Diese Fähigkeiten gehen weit über das reine Handwerk des Lesens hinaus. Leider gibt es immer noch genug Schulabgänger, die als sogenannte funktionale Analphabeten ins Leben starten. Es werden sogar wieder mehr, was für mich unverständlich und sehr bedrohlich erscheint. Sie können zwar alle Buchstaben und können auch einfache Wörter und Texte lesen, der Sinnzusammenhang des Gelesenen erschließt sich ihnen jedoch nicht. Für den Leseanfänger ist das noch ein normaler Entwicklungsschritt, für den Schulabgänger jedoch eine Katastrophe. Manche Kinder brauchen wirklich lange, bis sie herausfinden, dass Lesen richtig Spaß machen kann. Die mühsame Zeit des langsamen Lesens, das stolpernde Entschlüsseln von längeren Wörtern und das Erfassen des Sinnes hinter den Buchstaben kann dauern. Nur gut, wenn du deinem Kind dann geduldig und kreativ dabei hilfst, ein sicher Lesender zu werden. Deine Unterstützung und Vorbildfunktion sind beim Lesen gar nicht stark genug zu betonen.

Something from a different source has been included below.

(* (Equivalence of CPL* natural deduction and the focused sequent calculus.) Fix a set $W$ of worlds with a converse well-founded accessibility relation $\prec$. For every (unpolarized) context $\Gamma$, proposition $A$ and world $w$: $\Gamma \vdash_{\mathbf{CPL*}} A[w]$ if and only if the inversion sequent $\Gamma^{\circledcirc}; \cdot \Longrightarrow A^{\ominus}[w]$ is derivable in the focused sequent calculus.
   Context: Fix a set $W$ of worlds and a binary relation $\prec$ on $W$ that is converse well-founded (no infinite chain $w_0\prec w_1\prec\cdots$); $\prec^*$ is its reflexive–transitive closure. Atomic propositions are each designated either positive ($Q^+$) or negative ($Q^-$). Unpolarized propositions: $A,B,C ::= Q \mid \bot \mid A\supset B \mid \Diamond A \mid \Box A$; an unpolarized context $\Gamma$ is a finite collection of judgments $A[w]$. Natural deduction $\Gamma \vdash_{\mathbf{CPL*}} A[w]$, defined one world at a time (provability at $w$ after provability at all worlds reachable from $w$ by one or more $\prec$-steps) as the least relation closed under: (hyp) $\Gamma, A[w]\vdash A[w]$; ($\bot E$) $w'\prec^* w$ and $\Gamma\vdash\bot[w]$ imply $\Gamma\vdash C[w']$; ($\supset I$) $\Gamma,A[w]\vdash B[w]$ implies $\Gamma\vdash A\supset B[w]$; ($\supset E$) $\Gamma\vdash A\supset B[w]$ and $\Gamma\vdash A[w]$ imply $\Gamma\vdash B[w]$; ($\Diamond I$) $w\prec w'$ and $\Gamma\vdash A[w']$ imply $\Gamma\vdash\Diamond A[w]$; ($\Box I$) if $\Gamma\vdash A[w']$ for all $w'$ with $w\prec w'$ then $\Gamma\vdash\Box A[w]$; ($\Diamond E$) if $w''\prec^* w$, $\Gamma\vdash\Diamond A[w]$, and for all $w'$ with $w\prec w'$, $\Gamma\vdash A[w']$ implies $\Gamma\vdash C[w'']$, then $\Gamma\vdash C[w'']$; ($\Box E$) if $w''\prec^* w$, $\Gamma\vdash\Box A[w]$, and ($\Gamma\vdash A[w']$ for all $w'$ with $w\prec w'$) implies $\Gamma\vdash C[w'']$, then $\Gamma\vdash C[w'']$. Polarized propositions: $A^+ ::= Q^+ \mid {\downarrow}A^- \mid \bot \mid \Diamond A^+ \mid \Box A^+$ and $A^- ::= Q^- \mid {\uparrow}A^+ \mid A^+ \supset B^-$. $Q^+$ and ${\downarrow}A^-$ are $\mathit{stable}^+$; $Q^-$ and ${\uparrow}A^+$ are $\mathit{stable}^-$. In the focused calculus, $\Gamma$ is a finite collection of judgments $A^+[w]$ and the inversion context $\Omega$ is either empty ($\cdot$) or a single $A^+[w]$. There are three mutually defined judgments — right focus $\Gamma \vdash [A^+[w]]$, inversion $\Gamma;\Omega \Longrightarrow C^-[w]$, and left focus $\Gamma;[A^-[w']] \Longrightarrow C^-[w]$ — defined one world at a time (well-founded by converse well-foundedness), as the least relations closed under: Right focus: ($QR^+$) $\Gamma, Q^+[w] \vdash [Q^+[w]]$; (${\downarrow}R$) $\Gamma;\cdot\Longrightarrow A^-[w]$ implies $\Gamma\vdash[{\downarrow}A^-[w]]$; ($\Diamond R$) $w\prec w'$ and $\Gamma;\cdot\Longrightarrow {\uparrow}A^+[w']$ imply $\Gamma\vdash[\Diamond A^+[w]]$; ($\Box R$) if $\Gamma;\cdot\Longrightarrow{\uparrow}A^+[w']$ for all $w'$ with $w\prec w'$, then $\Gamma\vdash[\Box A^+[w]]$. Inversion: ($\supset R$) $\Gamma;A^+[w]\Longrightarrow B^-[w]$ implies $\Gamma;\cdot\Longrightarrow A^+\supset B^-[w]$; ($L$) if $A^+$ is $\mathit{stable}^+$ and $\Gamma, A^+[w'];\cdot\Longrightarrow C^-[w]$, then $\Gamma; A^+[w']\Longrightarrow C^-[w]$; (${\downarrow}L$) if $C^-$ is $\mathit{stable}^-$, $w\prec^* w'$, and $\Gamma,{\downarrow}A^-[w'];[A^-[w']]\Longrightarrow C^-[w]$, then $\Gamma,{\downarrow}A^-[w'];\cdot\Longrightarrow C^-[w]$; ($\bot L$) $\Gamma;\bot[w']\Longrightarrow C^-[w]$; ($\Diamond L$) if for all $w$ with $w'\prec w$, $\Gamma;\cdot\Longrightarrow{\uparrow}A^+[w]$ implies $\Gamma;\cdot\Longrightarrow C^-[w'']$, then $\Gamma;\Diamond A^+[w']\Longrightarrow C^-[w'']$; ($\Box L$) if ($\Gamma;\cdot\Longrightarrow{\uparrow}A^+[w]$ for all $w$ with $w'\prec w$) implies $\Gamma;\cdot\Longrightarrow C^-[w'']$, then $\Gamma;\Box A^+[w']\Longrightarrow C^-[w'']$; (${\uparrow}R$) $\Gamma\vdash[A^+[w]]$ implies $\Gamma;\cdot\Longrightarrow{\uparrow}A^+[w]$. Left focus: ($QL^-$) $\Gamma;[Q^-[w]]\Longrightarrow Q^-[w]$; (${\uparrow}L$) $\Gamma;A^+[w']\Longrightarrow C^-[w]$ implies $\Gamma;[{\uparrow}A^+[w']]\Longrightarrow C^-[w]$; ($\supset L$) $\Gamma\vdash[A^+[w']]$ and $\Gamma;[B^-[w']]\Longrightarrow C^-[w]$ imply $\Gamma;[A^+\supset B^-[w']]\Longrightarrow C^-[w]$. Polarization: $(Q^+)^\oplus=Q^+$, $(\bot)^\oplus=\bot$, $(\Diamond A)^\oplus=\Diamond A^\oplus$, $(\Box A)^\oplus=\Box A^\oplus$, $(Q^-)^\oplus={\downarrow}Q^-$, $(A\supset B)^\oplus={\downarrow}(A^\oplus\supset B^\ominus)$; $(Q^+)^\ominus={\uparrow}Q^+$, $(\bot)^\ominus={\uparrow}\bot$, $(\Diamond A)^\ominus={\uparrow}(\Diamond A^\oplus)$, $(\Box A)^\ominus={\uparrow}(\Box A^\oplus)$, $(Q^-)^\ominus=Q^-$, $(A\supset B)^\ominus=A^\oplus\supset B^\ominus$. Contexts: $(\cdot)^\circledcirc=\cdot$, $(\Gamma,Q^+[w])^\circledcirc=\Gamma^\circledcirc,Q^+[w]$, $(\Gamma,\bot[w])^\circledcirc=\Gamma^\circledcirc,{\downarrow}{\uparrow}\bot[w]$, $(\Gamma,\Diamond A[w])^\circledcirc=\Gamma^\circledcirc,{\downarrow}{\uparrow}(\Diamond A^\oplus)[w]$, $(\Gamma,\Box A[w])^\circledcirc=\Gamma^\circledcirc,{\downarrow}{\uparrow}(\Box A^\oplus)[w]$, $(\Gamma,Q^-[w])^\circledcirc=\Gamma^\circledcirc,{\downarrow}Q^-[w]$, $(\Gamma,A\supset B[w])^\circledcirc=\Gamma^\circledcirc,{\downarrow}(A^\oplus\supset B^\ominus)[w]$. *)

theory Defs
  imports Main
begin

Leseschwäche frühzeitig erkennen

Nicht immer liegt es an der Motivation oder fehlenden Angeboten und Vorbildern. Manche Kinder haben auch einfach enorme Probleme mit dem Lesen. Je früher Kinder mit einer Leseschwäche entdeckt und gefördert werden, desto schneller können sie ihre Schwierigkeiten überwinden. Dabei sind Motivation, Ermutigung, Geduld und ein individuelles, gezieltes Training die zentralen Faktoren, die zum Erfolg führen. Eine Leseschwäche schon in der ersten Klasse zu erkennen, ist nicht einfach, aber auch nicht unmöglich. Es gilt dabei zu unterscheiden, ob ein Kind sich dem Lesen aus Desinteresse oder Unvermögen verschließt. In beiden Fällen bleibt das Kind beim Lesenlernen in seinem Tempo weit hinter den anderen Kindern zurück und zeigt ein Vermeidungsverhalten, das zunimmt. Lesen macht ihm einfach keinen Spaß! Dann solltest du dich nicht scheuen, Fachleute hinzuzuziehen.

Übe täglich 10 Minuten mit deinem Kind

In meiner lerntherapeutischen Praxis habe ich noch nie erlebt, dass ein Kind nicht lesen gelernt hätte. Vorausgesetzt, es hat wirklich fast täglich ein wenig geübt. Das ist natürlich eine große Herausforderung für die Eltern, die dieses konsequente Üben in der Grundschule unterstützen müssen. Doch der Einsatz lohnt sich! Wenn leseschwache Kinder mit Büchern aufwachsen und Eltern haben, die ihnen die Welt der Buchstaben und Wörter eröffnen, wird die Leseschwäche überwunden.